Segment Start: DATA SECTION

(* Let $\alpha>-1$, $0\le\gamma<2+\alpha$ and $1\le p\le q<\infty$. Let $\omega,\sigma$ be weights on $\mathcal H$. The following are equivalent: (a) there is $C_1>0$ such that for every $f\in L^p(\mathcal H,\omega dV_\alpha)$ and every $\lambda>0$, $$|\{z\in\mathcal H:\mathcal M_{\alpha,\gamma}f(z)>\lambda\}|_{\sigma,\alpha}\le\frac{C_1}{\lambda^q}\left(\int_{\mathcal H}|f|^p\omega\,dV_\alpha\right)^{q/p};$$ (b) there is $C_2>0$ such that for every interval $I\subset\mathbb R$, $$|Q_I|_\alpha^{\frac{\gamma}{2+\alpha}+\frac1q-\frac1p}\left(\frac1{|Q_I|_\alpha}\int_{Q_I}\omega^{1-p'}dV_\alpha\right)^{1/p'}\left(\frac1{|Q_I|_\alpha}\int_{Q_I}\sigma\,dV_\alpha\right)^{1/q}\le C_2,$$ where for $p=1$ the factor $\left(\frac1{|Q_I|_\alpha}\int_{Q_I}\omega^{1-p'}dV_\alpha\right)^{1/p'}$ is understood as $(\inf_{Q_I}\omega)^{-1}$.
   Context: $\mathcal H=\{x+iy:x\in\mathbb R,\ y>0\}$; for $\alpha>-1$, $dV_\alpha(x+iy)=y^\alpha dx\,dy$. A weight is a nonnegative locally integrable function; $L^p(\mathcal H,\omega dV_\alpha)$ is the space of $f$ with $\int|f|^p\omega dV_\alpha<\infty$; $|E|_{\sigma,\alpha}=\int_E\sigma dV_\alpha$, $|E|_\alpha=\int_EdV_\alpha$; $p'$ is the conjugate exponent. For an interval $I$, $Q_I=\{x+iy:x\in I,0<y<|I|\}$. $\mathcal M_{\alpha,\gamma}f(z)=\sup\{|I|^{-(2+\alpha-\gamma)}\int_{Q_I}|f|dV_\alpha: I\subset\mathbb R\text{ interval}, z\in Q_I\}$. *)

theory Defs
  imports "HOL-Analysis.Analysis" "HOL-Probability.Essential_Supremum"
begin

definition upper_half :: "complex set" where
  "upper_half = {z. 0 < Im z}"

text \<open>Carleson box Q_I over the interval I = [a,b] (a < b), so |I| = b - a.\<close>
definition cbox_Q :: "real \<Rightarrow> real \<Rightarrow> complex set" where
  "cbox_Q a b = {z. a \<le> Re z \<and> Re z \<le> b \<and> 0 < Im z \<and> Im z < b - a}"

definition Valpha :: "real \<Rightarrow> complex measure" where
  "Valpha \<alpha> = density lebesgue (\<lambda>z. ennreal (indicator upper_half z * Im z powr \<alpha>))"

definition weight :: "(complex \<Rightarrow> real) \<Rightarrow> bool" where
  "weight w \<longleftrightarrow> w \<in> borel_measurable lebesgue \<and> (\<forall>z\<in>upper_half. 0 \<le> w z) \<and>
     (\<forall>K. compact K \<and> K \<subseteq> upper_half \<longrightarrow> (\<integral>\<^sup>+ z\<in>K. ennreal (w z) \<partial>lebesgue) < \<infinity>)"

definition wmeas :: "real \<Rightarrow> (complex \<Rightarrow> real) \<Rightarrow> complex set \<Rightarrow> ennreal" where
  "wmeas \<alpha> \<sigma> E = (\<integral>\<^sup>+ z\<in>E. ennreal (\<sigma> z) \<partial>Valpha \<alpha>)"

definition Mfrac :: "real \<Rightarrow> real \<Rightarrow> (complex \<Rightarrow> real) \<Rightarrow> complex \<Rightarrow> ennreal" where
  "Mfrac \<alpha> \<gamma> f z = (SUP I \<in> {(a, b). a < b \<and> z \<in> cbox_Q a b}.
      ennreal ((snd I - fst I) powr (- (2 + \<alpha> - \<gamma>))) *
      (\<integral>\<^sup>+ w\<in>cbox_Q (fst I) (snd I). ennreal \<bar>f w\<bar> \<partial>Valpha \<alpha>))"

definition epowr :: "ennreal \<Rightarrow> real \<Rightarrow> ennreal" where
  "epowr x r = (if x = \<infinity> then \<infinity> else ennreal (enn2real x powr r))"

definition conj_exp :: "real \<Rightarrow> real" where
  "conj_exp p = p / (p - 1)"

text \<open>Pointwise w^(1-p') with values in [0,infinity]; w z = 0 gives infinity since 1 - p' < 0.\<close>
definition wpow :: "(complex \<Rightarrow> real) \<Rightarrow> real \<Rightarrow> complex \<Rightarrow> ennreal" where
  "wpow w p z = (if w z = 0 then \<infinity> else ennreal (w z powr (1 - conj_exp p)))"

text \<open>Essential infimum of w over the box Q_I (w.r.t. Lebesgue measure on Q_I, which has the
  same null sets as dV_alpha there).\<close>
definition essinf_box :: "(complex \<Rightarrow> real) \<Rightarrow> real \<Rightarrow> real \<Rightarrow> ereal" where
  "essinf_box w a b = - esssup (density lebesgue (indicator (cbox_Q a b))) (\<lambda>z. - ereal (w z))"

definition inv_essinf_box :: "(complex \<Rightarrow> real) \<Rightarrow> real \<Rightarrow> real \<Rightarrow> ennreal" where
  "inv_essinf_box w a b = (if essinf_box w a b \<le> 0 then \<infinity>
      else ennreal (1 / real_of_ereal (essinf_box w a b)))"

definition omega_factor :: "real \<Rightarrow> real \<Rightarrow> (complex \<Rightarrow> real) \<Rightarrow> real \<Rightarrow> real \<Rightarrow> ennreal" where
  "omega_factor \<alpha> p w a b = (if p = 1 then inv_essinf_box w a b
     else epowr (ennreal (1 / measure (Valpha \<alpha>) (cbox_Q a b)) *
                 (\<integral>\<^sup>+ z\<in>cbox_Q a b. wpow w p z \<partial>Valpha \<alpha>)) (1 / conj_exp p))"

end

theory Submission
  imports Defs
begin

text \<open>Both directions compare the level sets of the maximal function with Carleson boxes.
  For (a) \<Longrightarrow> (b), the weak-type bound is tested on functions supported in a single box Q,
  which then lies in the level set at half their average over Q. For p > 1 the extremal test
  functions are truncations of omega powr (1 - p'), whose weighted energy is at most their
  integral; for p = 1 they are indicators of the sets where omega lies below a level t > ess inf omega.
  For (b) \<Longrightarrow> (a), a level set is a countable union of boxes with rational endpoints on which
  the average of f is large. Any finitely many of them contain a disjoint subfamily whose tripled
  boxes cover them; on each triple, Hoelder's inequality and (b) bound the sigma-measure by a power
  q/p \<ge> 1 of the weighted energy of f on the box, and such powers of disjoint pieces sum to at
  most the power of the total energy.\<close>

section \<open>Boxes and the measure dV_alpha\<close>

lemma cbox_Q_borel [measurable]: "cbox_Q a b \<in> sets borel"
  unfolding cbox_Q_def by measurable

Segment End: DATA SECTION

* **DESCRIPTION OF THE TASK**
Read through the records above and copy the lines that contain "level".

* **RESULT OF THIS EXERCISE**
text \<open>Both directions compare the level sets of the maximal function with Carleson boxes.
  which then lies in the level set at half their average over Q. For p > 1 the extremal test
  integral; for p = 1 they are indicators of the sets where omega lies below a level t > ess inf omega.
  For (b) \<Longrightarrow> (a), a level set is a countable union of boxes with rational endpoints on which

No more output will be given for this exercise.